At this point you should be able to determine the potential continuity planning that will be required for the continuity element reconstitution during a major natural disaster.

Remember:

A reconstitution plan should identify and prioritize restoration of systems that support all organizational functions. The plan should identify the reconstitution manager and members of the reconstitution team.

In addition, the plan should include procedures for keeping all personnel informed of the status of the reconstitution efforts.

Keep in mind, reconstitution of normal operations may be transitioned from the alternate facility to the primary facility in reverse order of priority.
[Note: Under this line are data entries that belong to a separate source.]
lemma Ftilmeas_equation:
  assumes rcp: "is_rcp M C \<kappa>" and pos: "0 < \<P>(\<omega> in M. t \<le> C \<omega>)"
  shows "(\<Sum>j=1..d. LINT u:{0<..t}|Ftilmeas M T C D j. 1 / leftlim (Kfun M C) u)
      = \<P>(\<omega> in M. T \<omega> \<le> t \<bar> C \<omega> \<ge> t)
      + 1 / leftlim (Kfun M C) t *
        (LINT s:{0<..<t}|Gmeas M C.
           1 - measure (\<kappa> s) {\<omega>\<in>space M. Ttil T C \<omega> = s \<and> Dtil T C D \<omega> = 0}
             - (\<Sum>j=1..d. LINT u:{0<..s}|Ftilmeas M T C D j. 1 / leftlim (Kfun M C) u))"
proof -
  let ?\<Lambda> = "inverse_survival_integral (subdistr M T (\<lambda>\<omega>. T \<omega> \<le> C \<omega>)) (distr M borel C) (\<lambda>v z. 0 < v \<and> v \<le> z)"
  have "?\<Lambda> t = \<P>(\<omega> in M. T \<omega> \<le> C \<omega> \<and> (0 < T \<omega> \<and> T \<omega> \<le> t) \<and> t \<le> C \<omega>) / \<P>(\<omega> in M. t \<le> C \<omega>)
      + 1 / \<P>(\<omega> in M. t \<le> C \<omega>) * (\<P>(\<omega> in M. C \<omega> < t) - \<P>(\<omega> in M. C \<omega> < t \<and> \<not> T \<omega> \<le> C \<omega>)
        - (LINT s:{..<t}|distr M borel C. ?\<Lambda> s))"
    by (rule inverse_survival_integral_eq) (use pos T_pos in auto)
  moreover have "\<P>(\<omega> in M. T \<omega> \<le> t \<bar> C \<omega> \<ge> t)
      = \<P>(\<omega> in M. T \<omega> \<le> C \<omega> \<and> (0 < T \<omega> \<and> T \<omega> \<le> t) \<and> t \<le> C \<omega>) / \<P>(\<omega> in M. t \<le> C \<omega>)"
    unfolding cond_prob_def using T_pos
    by (intro arg_cong2[where f="(/)"] arg_cong[where f=prob] Collect_cong) auto
  moreover note sum_set_integral_Ftilmeas[OF pos order_refl] set_integral_Gmeas_split[OF rcp pos]
  ultimately show ?thesis
    unfolding leftlim_Kfun by simp
qed

end
lemma lone_candidate_gains_by_moving_halfway:
  assumes "0 \<le> c" "i < m" "k < m" "k \<noteq> i"
    and others: "\<And>j. j < m \<Longrightarrow> j \<noteq> i \<Longrightarrow> x j = x k"
    and "x i \<noteq> x k" "x i \<in> {0..1}" "x k \<in> {0..1}"
  shows "bw_score c m x i < bw_score c m (x(i := (x i + x k) / 2)) i"
proof -
  define t where "t = (x i + x k) / 2"
  define x' where "x' = x(i := t)"
  define D where "D = x k - t"
  define lo where "lo = t + D / 4 - \<bar>D\<bar> / 8"
  define hi where "hi = t + D / 4 + \<bar>D\<bar> / 8"
  have D: "D \<noteq> 0" "x i = t - D" "x k = t + D"
    using assms(6) by (auto simp: D_def t_def)
  have x': "x' i = t" "\<And>j. j < m \<Longrightarrow> j \<noteq> i \<Longrightarrow> x' j = x k"
    using others by (auto simp: x'_def)
  have win: "bw_payoff c m x' i y = 1" if "\<bar>t - y\<bar> < \<bar>x k - y\<bar>" for y
  proof -
    have "prob_first m x' i y = 1"
      using that x' by (intro prob_first_eq_1_if_uniquely_closest[OF assms(2)]) auto
    moreover have "prob_last m x' i y = 0"
      using that x' assms(3,4) by (intro prob_last_eq_0_if_farther[OF assms(3)]) auto
    ultimately show ?thesis by (simp add: bw_payoff_def)
  qed
  have lose: "bw_payoff c m x i y = - c" if "\<bar>x k - y\<bar> < \<bar>x i - y\<bar>" for y
  proof -
    have "prob_first m x i y = 0"
      using that by (intro prob_first_eq_0_if_closer[OF assms(3)])
    moreover have "prob_last m x i y = 1"
      using that others by (intro prob_last_eq_1_if_uniquely_farthest[OF assms(2)]) auto
    ultimately show ?thesis by (simp add: bw_payoff_def)
  qed
  have "\<bar>t - y\<bar> < \<bar>x k - y\<bar> \<or> \<bar>x k - y\<bar> < \<bar>x i - y\<bar>" for y
    using D by (auto simp: abs_if)
  then have gain: "0 \<le> bw_payoff c m x' i y - bw_payoff c m x i y" for y
    using win lose bw_payoff_bounds[OF assms(1)] by (smt (verit))
  \<comment> \<open>voters between \<open>t\<close> and the midpoint of \<open>t\<close> and \<open>x k\<close> switch from ranking \<open>i\<close> last to first\<close>
  have gain_lo_hi: "1 \<le> bw_payoff c m x' i y - bw_payoff c m x i y" if "y \<in> {lo..hi}" for y
  proof -
    have "t + D / 4 - \<bar>D\<bar> / 8 \<le> y" "y \<le> t + D / 4 + \<bar>D\<bar> / 8"
      using that by (simp_all add: lo_def hi_def)
    then have "\<bar>t - y\<bar> < \<bar>x k - y\<bar>" "\<bar>x k - y\<bar> < \<bar>x i - y\<bar>"
      using D(1) unfolding D(2,3) by (cases "0 < D"; simp add: abs_if; linarith)+
    then show ?thesis using win lose assms(1) by simp
  qed
  have "{lo..hi} \<subseteq> {0..1}"
    using assms(7,8) D unfolding lo_def hi_def by (auto simp: abs_if)
  then have "hi - lo \<le> integral {0..1} (\<lambda>y. bw_payoff c m x' i y - bw_payoff c m x i y)"
    using gain gain_lo_hi
    by (intro integral_ge_subinterval_length integrable_diff bw_payoff_integrable)
      (auto simp: lo_def hi_def)
  also have "\<dots> = bw_score c m x' i - bw_score c m x i"
    by (simp add: bw_score_eq_integral_payoff integral_diff bw_payoff_integrable)
  finally show ?thesis
    using D(1) unfolding hi_def lo_def x'_def t_def by simp
qed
Some organizations may choose to have essential functions transferred back to the primary facility last to assure a seamless transition.

This lesson discussed the following continuity elements continuity communications, continuity facilities, and reconstitution. The scenario described a major natural disaster that has impacted cyber infrastructure resulting in severely degraded communications and your primary facility becoming unavailable. The purpose of this lesson is to help organizations identify their current capabilities to communicate during severely degraded communications while discussing options available at the continuity facility and reconstitution process.